When a female patient has an android-like appearance, acne, oily hair, male vertex balding, alopecia, or hirsutism, she may be at risk for, or more likely already has, the dysmetabolic syndrome.71 The practitioner should direct interview questions toward the patient’s menstrual and reproductive history. Women who experienced early menarche, irregular menses during childbearing years, or infertility often have polycystic ovarian syndrome; a severe form of the dysmetabolic syndrome. These women are at great risk at an earlier age, for the development of type 2 diabetes, accelerated cardiovascular disease, and cardiac events.72,73 Often, these women respond well to oral contraceptives and most of the antidiabetic agents, such as the insulin sensitizers; consequently, they develop a more favorable metabolic profile as a result of weight loss.74 An overriding concern for many of these woman is that they may become pregnant, as thiazolidinediones (TZD) and metformin are known for causing resumption of ovulation in a previously anovulatory women.75 In these cases, the patient may have given up on ever becoming pregnant, forgoing contraception, and may not view this time in her life as appropriate. Careful reproductive counseling is mandatory in treating insulin resistance in the PCOS patient.

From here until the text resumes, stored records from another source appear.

lemma kl_rate_eq_sum_kl_term: "kl_rate Q1 Q2 t x = (\<Sum>y\<in>UNIV - {x}. kl_term (Q1 t x y) (Q2 t x y))"
  unfolding kl_rate_def kl_term_def ..

lemma kl_term_self: "kl_term a a = 0"
  by (cases "a = 0") (simp_all add: kl_term_def)

lemma kl_term_change_of_reference:
  assumes "0 \<le> a" "0 \<le> b" "a = 0 \<longrightarrow> b = 0" "0 < u" "0 < v"
  shows "b * (ln v - ln u) - a * (v - u) / u = kl_term a b - kl_term (a * v / u) b"
proof (cases "b = 0")
  case True
  then show ?thesis using assms by (simp add: kl_term_def field_simps)
next
  case False
  then have "0 < a" "0 < b" using assms by auto
  then have "kl_term (a * v / u) b = a * v / u - b + b * (ln b - ln a - ln v + ln u)"
    and "kl_term a b = a - b + b * (ln b - ln a)"
    using assms by (simp_all add: kl_term_def ln_div ln_mult)
  then show ?thesis using assms by (simp only:) (simp add: field_simps)
qed

lemma kl_term_ge_hellinger:
  assumes "0 \<le> a" "0 \<le> b" "a = 0 \<longrightarrow> b = 0"
  shows "(sqrt a - sqrt b)\<^sup>2 \<le> kl_term a b"
proof (cases "b = 0")
  case True
  then show ?thesis using assms by (simp add: kl_term_def)
next
  case False
  then have "0 < a" "0 < b" using assms by auto
  define sa sb where "sa = sqrt a" and "sb = sqrt b"
  have sa: "0 < sa" "a = sa * sa" and sb: "0 < sb" "b = sb * sb"
    using \<open>0 < a\<close> \<open>0 < b\<close> by (simp_all add: sa_def sb_def)
  have "ln (sa / sb) \<le> sa / sb - 1" using sa sb by (intro ln_le_minus_one) simp
  then have "sb * sb * (1 - sa / sb) \<le> sb * sb * (ln sb - ln sa)"
    using sa sb by (intro mult_left_mono) (auto simp: ln_div)
  moreover have "sb * sb * (1 - sa / sb) = sb * sb - sa * sb" using sb by (simp add: field_simps)
  ultimately have "(sqrt a - sqrt b)\<^sup>2 \<le> sa * sa - sb * sb + 2 * (sb * sb * (ln sb - ln sa))"
    by (simp add: sa_def[symmetric] sb_def[symmetric] power2_eq_square algebra_simps)
  also have "\<dots> = kl_term a b"
  proof -
    have "ln (b / a) = 2 * (ln sb - ln sa)" using sa sb by (simp add: ln_div ln_mult)
    then show ?thesis unfolding kl_term_def by (simp add: sa(2) sb(2))
  qed
  finally show ?thesis .
qed

lemma kl_rate_self: "kl_rate Q Q t x = 0"
  by (simp add: kl_rate_eq_sum_kl_term kl_term_self)

lemma objective_eq_value_fn: "objective r \<alpha> Qpre T x0 Q = value_fn r \<alpha> Qpre Q T 0 x0"
  unfolding objective_def value_fn_def marginal_def ..

section \<open>Transition kernels and the backward equation\<close>

locale ctmc_generator =
  fixes Q :: "real \<Rightarrow> 'x::finite \<Rightarrow> 'x \<Rightarrow> real" and T :: real
  assumes generator: "is_generator Q T"
begin

lemma rate_nonneg: "t \<in> {0..T} \<Longrightarrow> x \<noteq> y \<Longrightarrow> 0 \<le> Q t x y"
  using generator[unfolded is_generator_def, THEN conjunct1] by simp

lemma rate_diag: "t \<in> {0..T} \<Longrightarrow> Q t x x = - (\<Sum>y\<in>UNIV - {x}. Q t x y)"
  using generator[unfolded is_generator_def, THEN conjunct2, THEN conjunct1] by simp

lemma rate_continuous: "continuous_on {0..T} (\<lambda>t. Q t x y)"
  using generator[unfolded is_generator_def, THEN conjunct2, THEN conjunct2, THEN conjunct1] by simp

lemma fwd_sol_exists: "s \<in> {0..T} \<Longrightarrow> \<exists>p. fwd_sol Q T s p \<and> p s = dirac x"
  using generator[unfolded is_generator_def, THEN conjunct2, THEN conjunct2, THEN conjunct2, THEN conjunct1]
  by simp

lemma fwd_sol_unique:
  "s \<in> {0..T} \<Longrightarrow> fwd_sol Q T s p \<Longrightarrow> fwd_sol Q T s q \<Longrightarrow> p s = q s \<Longrightarrow> t \<in> {s..T}
    \<Longrightarrow> p t = q t"
  using generator[unfolded is_generator_def, THEN conjunct2, THEN conjunct2, THEN conjunct2, THEN conjunct2]
  by blast

lemma flux_eq_sum_in_rates:
  assumes "t \<in> {0..T}"
  shows "(\<Sum>y\<in>UNIV - {x}. Q t y x * p y - Q t x y * p x) = (\<Sum>y\<in>UNIV. Q t y x * p y)"
proof -
  have "(\<Sum>y\<in>UNIV. Q t y x * p y) = (\<Sum>y\<in>UNIV-{x}. Q t y x * p y) + Q t x x * p x"
    by (simp add: sum_diff1)
  also have "Q t x x * p x = - (\<Sum>y\<in>UNIV - {x}. Q t x y * p x)"
    using rate_diag[OF assms, of x] by (simp add: sum_distrib_right)
  finally show ?thesis by (simp add: sum_subtractf)
qed

lemma rates_bounded: "\<exists>B>0. \<forall>t\<in>{0..T}. \<forall>x y. \<bar>Q t x y\<bar> \<le> B"
proof -
  let ?F = "\<lambda>t. \<Sum>x\<in>UNIV. \<Sum>y\<in>UNIV. \<bar>Q t x y\<bar>"
  have "bounded (?F ` {0..T})"
    by (intro compact_imp_bounded compact_continuous_image compact_Icc continuous_intros rate_continuous)
  then obtain B where B: "B > 0" "\<And>t. t \<in> {0..T} \<Longrightarrow> norm (?F t) \<le> B"
    unfolding bounded_pos by blast
  have "\<bar>Q t x y\<bar> \<le> B" if "t \<in> {0..T}" for t x y
  proof -
    have "\<bar>Q t x y\<bar> \<le> (\<Sum>y\<in>UNIV. \<bar>Q t x y\<bar>)" by (rule member_le_sum) auto
    also have "\<dots> \<le> ?F t" by (rule member_le_sum[where f="\<lambda>x. \<Sum>y\<in>UNIV. \<bar>Q t x y\<bar>"]) (auto intro: sum_nonneg)
    also have "\<dots> \<le> B" using B(2)[OF that] by simp
    finally show ?thesis .
  qed
  then show ?thesis using B(1) by blast
qed

definition rate_bound :: real where
  "rate_bound = (SOME B. B > 0 \<and> (\<forall>t\<in>{0..T}. \<forall>x y. \<bar>Q t x y\<bar> \<le> B))"

lemma rate_bound: "0 < rate_bound" "t \<in> {0..T} \<Longrightarrow> \<bar>Q t x y\<bar> \<le> rate_bound"
proof -
  have "0 < rate_bound \<and> (\<forall>t\<in>{0..T}. \<forall>x y. \<bar>Q t x y\<bar> \<le> rate_bound)"
    unfolding rate_bound_def by (rule someI_ex[OF rates_bounded])
  then show "0 < rate_bound" "t \<in> {0..T} \<Longrightarrow> \<bar>Q t x y\<bar> \<le> rate_bound" by auto
qed

lemma flux_lower_bound_at_minimum:
  assumes t: "t \<in> {0..T}" and E: "0 \<le> E" and ge: "\<And>w. - E \<le> p w" and eq: "p y = - E"
  shows "- (real CARD('x) * rate_bound * E) \<le> (\<Sum>w\<in>UNIV - {y}. Q t w y * p w - Q t y w * p y)"
proof -
  have "- (rate_bound * E) \<le> Q t w y * p w - Q t y w * p y" if "w \<noteq> y" for w
  proof -
    have "- (rate_bound * E) \<le> Q t w y * (- E)"
      using rate_bound(2)[OF t, of w y] E by (simp add: mult_right_mono)
    also have "\<dots> \<le> Q t w y * p w" by (rule mult_left_mono[OF ge rate_nonneg[OF t that]])
    finally show ?thesis using mult_nonneg_nonneg[OF rate_nonneg[OF t not_sym[OF that]] E] eq by simp
  qed
  then have "(\<Sum>w\<in>UNIV - {y}. - (rate_bound * E)) \<le> (\<Sum>w\<in>UNIV - {y}. Q t w y * p w - Q t y w * p y)"
    by (intro sum_mono) auto
  moreover have "real (card (UNIV - {y})) * (rate_bound * E) \<le> real CARD('x) * (rate_bound * E)"
    using rate_bound(1) E by (intro mult_right_mono) (auto simp: card_Diff_subset)
  ultimately show ?thesis by simp
qed

text \<open>If \<open>p\<close> became negative, the perturbation \<open>p + e exp (K (u - s))\<close>, with \<open>K\<close> exceeding
  every total exit rate, would reach zero at a first time at which its derivative is positive.\<close>
lemma fwd_sol_nonneg:
  assumes s: "s \<in> {0..T}" and p: "fwd_sol Q T s p" and p0: "\<And>w. 0 \<le> p s w" and t: "t \<in> {s..T}"
  shows "0 \<le> p t y"
proof (rule ccontr)
  assume "\<not> 0 \<le> p t y"
  define K where "K = real CARD('x) * rate_bound + 1"
  define e where "e = - p t y * exp (- K * (t - s))"
  define z where "z u w = p u w + e * exp (K * (u - s))" for u w
  have e: "0 < e" using \<open>\<not> 0 \<le> p t y\<close> by (simp add: e_def mult_less_0_iff)
  have "z t y = 0" by (simp add: z_def e_def flip: exp_add)
  moreover have "continuous_on {s..T} (\<lambda>u. z u w)" for w
    unfolding z_def by (intro continuous_intros fwd_sol_continuous[OF p])
  moreover have "0 < z s w" for w using p0[of w] e by (simp add: z_def)
  ultimately obtain \<tau> y0 where \<tau>: "s < \<tau>" "\<tau> \<le> T" and y0: "z \<tau> y0 = 0"
    and ge: "\<And>w. 0 \<le> z \<tau> w" and before: "\<And>u w. s \<le> u \<Longrightarrow> u < \<tau> \<Longrightarrow> 0 < z u w"
    using first_zero_of_continuous_family[of s T z t y] t by (metis order_refl)
  define E where "E = e * exp (K * (\<tau> - s))"
  have E: "0 \<le> E" using e by (simp add: E_def)
  have \<tau>I: "\<tau> \<in> {s..T}" "\<tau> \<in> {0..T}" using \<tau> s by auto
  have geE: "- E \<le> p \<tau> w" for w using ge[of w] by (simp add: z_def E_def)
  have eqE: "p \<tau> y0 = - E" using y0 by (simp add: z_def E_def)
  have "((\<lambda>u. z u y0) has_real_derivative
      (\<Sum>w\<in>UNIV - {y0}. Q \<tau> w y0 * p \<tau> w - Q \<tau> y0 w * p \<tau> y0) + K * E) (at \<tau> within {s..T})"
    unfolding z_def E_def
    by (intro DERIV_add fwd_sol_deriv[OF p \<tau>I(1)]) (auto intro!: derivative_eq_intros)
  moreover have "0 < (\<Sum>w\<in>UNIV - {y0}. Q \<tau> w y0 * p \<tau> w - Q \<tau> y0 w * p \<tau> y0) + K * E"
  proof -
    have "- (real CARD('x) * rate_bound * E) \<le> (\<Sum>w\<in>UNIV - {y0}. Q \<tau> w y0 * p \<tau> w - Q \<tau> y0 w * p \<tau> y0)"
      by (rule flux_lower_bound_at_minimum[where p="p \<tau>", OF \<tau>I(2) E geE eqE])
    moreover have "0 < E" using e by (simp add: E_def)
    ultimately show ?thesis by (simp add: K_def algebra_simps)
  qed
  ultimately obtain d where d: "0 < d"
    "\<And>h. 0 < h \<Longrightarrow> \<tau> - h \<in> {s..T} \<Longrightarrow> h < d \<Longrightarrow> z (\<tau> - h) y0 < z \<tau> y0"
    using has_real_derivative_pos_inc_left by blast
  define h where "h = min (d / 2) (\<tau> - s)"
  have "z (\<tau> - h) y0 < 0" using d \<tau> y0 by (intro d(2)[of h, simplified y0]) (auto simp: h_def)
  moreover have "0 < z (\<tau> - h) y0" using d \<tau> by (intro before) (auto simp: h_def)
  ultimately show False by simp
qed

lemma trans_prob_eq:
  assumes s: "s \<in> {0..T}" and p: "fwd_sol Q T s p" "p s = dirac x" and t: "t \<in> {s..T}"
  shows "trans_prob Q T s x t y = p t y"
  unfolding trans_prob_def
proof (rule the_equality)
  show "\<exists>q. fwd_sol Q T s q \<and> q s = dirac x \<and> q t y = p t y" using p by blast
next
  fix v assume "\<exists>q. fwd_sol Q T s q \<and> q s = dirac x \<and> q t y = v"
  then obtain q where q: "fwd_sol Q T s q" "q s = dirac x" "q t y = v" by blast
  have "q t = p t" by (rule fwd_sol_unique[OF s q(1) p(1)]) (use q(2) p(2) t in auto)
  then show "v = p t y" using q(3) by simp
qed

lemma
  assumes "s \<in> {0..T}"
  shows trans_prob_fwd_sol: "fwd_sol Q T s (trans_prob Q T s x)"
    and trans_prob_initial: "trans_prob Q T s x s = dirac x"
proof -
  obtain p where p: "fwd_sol Q T s p" "p s = dirac x" using fwd_sol_exists[OF assms] by blast
  show "fwd_sol Q T s (trans_prob Q T s x)"
    by (rule fwd_sol_cong[OF p(1)]) (use trans_prob_eq[OF assms p] in auto)
  show "trans_prob Q T s x s = dirac x"
    using trans_prob_eq[OF assms p, of s] assms p(2) by auto
qed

Two notable clinical manifestations that female and male patients may demonstrate risk for dysmetabolic syndrome or type 2 diabetes are changes in skin tone and the presence of skin tags, especially when associated with central obesity. This change in skin tone is known as acanthosis nigricans (AN). This darkening in skin tone can be a clue related to hyperinsulinemia, especially among darkerskin individuals of either gender.76 Acanthosis nigricans are commonly associated with a velvety thickening and darkening of the skin in areas of skin folds and can be found in the axill\ae, groin, or back of the neck. The mechanism responsible for AN is the elevated insulin level which stimulates the receptors of the keratinocytes and fibroblast to produce augmentation of the skin cells to become hyperplasic.77 Another skin proliferation seen in insulin resistance is cutaneous papillomas or skin tags found in similar areas as AN.71 These subtle abnormalities can alert the practitioner to ask more questions to determine an individual’s risk for cardiovascular disease. It is important to remember that individuals in the early stages of carbohydrate disequilibrium may manifest nonspecific symptomology (see Table: “Screening Questions to Recognize Metabolic Symptomology”).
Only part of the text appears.